_Goal of the exercise_
Write out, character for character, the line containing "j then trace" and all lines after it up to the end of the listing.
Segment Start: Provided records
text \<open>Split X into its trace part, its traceless diagonal part and its off-diagonal part.
  These are eigenspaces of L_a with eigenvalues 0, -2 and a - 2, so e^{tL_a} keeps the
  trace part, damps the traceless diagonal part by p = e^{-2t} and the off-diagonal part
  by q = e^{(a-2)t}. For such a map the Schwarz defect is a Hermitian 2x2 matrix which
  is positive semidefinite for all X iff q^2 \<le> (1+p)/2: necessity is read off at
  X = |1><0|, sufficiency is a determinant estimate. Finally, comparing derivatives at
  t = 0 shows that e^{(2a-4)t} \<le> (1 + e^{-2t})/2 for all t \<ge> 0 forces 2a - 4 \<le> -1,
  and conversely then e^{(2a-4)t} \<le> e^{-t} \<le> (1 + e^{-2t})/2.\<close>

lemma mat2_eq_iff:
  "(A::mat2) = B \<longleftrightarrow> A$1$1 = B$1$1 \<and> A$1$2 = B$1$2 \<and> A$2$1 = B$2$1 \<and> A$2$2 = B$2$2"
  by (auto simp: vec_eq_iff forall_2)

lemma trace_mat2: "trace (X::mat2) = X$1$1 + X$2$2"
  by (simp add: trace_def sum_2)

lemma Lgen_components:
  "Lgen a X $ 1 $ 1 = X$2$2 - X$1$1"
  "Lgen a X $ 2 $ 2 = X$1$1 - X$2$2"
  "Lgen a X $ 1 $ 2 = of_real (a - 2) * X$1$2"
  "Lgen a X $ 2 $ 1 = of_real (a - 2) * X$2$1"
  by (simp_all add: Lgen_def cscale_def Dephase_def P0_def P1_def matrix_matrix_mult_def
      sum_2 trace_mat2 mat_def scaleR_conv_of_real[where 'a = complex] algebra_simps)

definition trace_part :: "mat2 \<Rightarrow> mat2" where
  "trace_part X = (\<chi> i j. if i = j then trace X / 2 else 0)"

definition traceless_diag_part :: "mat2 \<Rightarrow> mat2" where
  "traceless_diag_part X = (\<chi> i j. if i = j then X$i$j - trace X / 2 else 0)"

definition offdiag_part :: "mat2 \<Rightarrow> mat2" where
  "offdiag_part X = (\<chi> i j. if i = j then 0 else X$i$j)"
Segment End: Provided records
_Problem solution_
  "trace_part X = (\<chi> i j. if i = j then trace X / 2 else 0)"

definition traceless_diag_part :: "mat2 \<Rightarrow> mat2" where
  "traceless_diag_part X = (\<chi> i j. if i = j then X$i$j - trace X / 2 else 0)"

definition offdiag_part :: "mat2 \<Rightarrow> mat2" where
  "offdiag_part X = (\<chi> i j. if i = j then 0 else X$i$j)"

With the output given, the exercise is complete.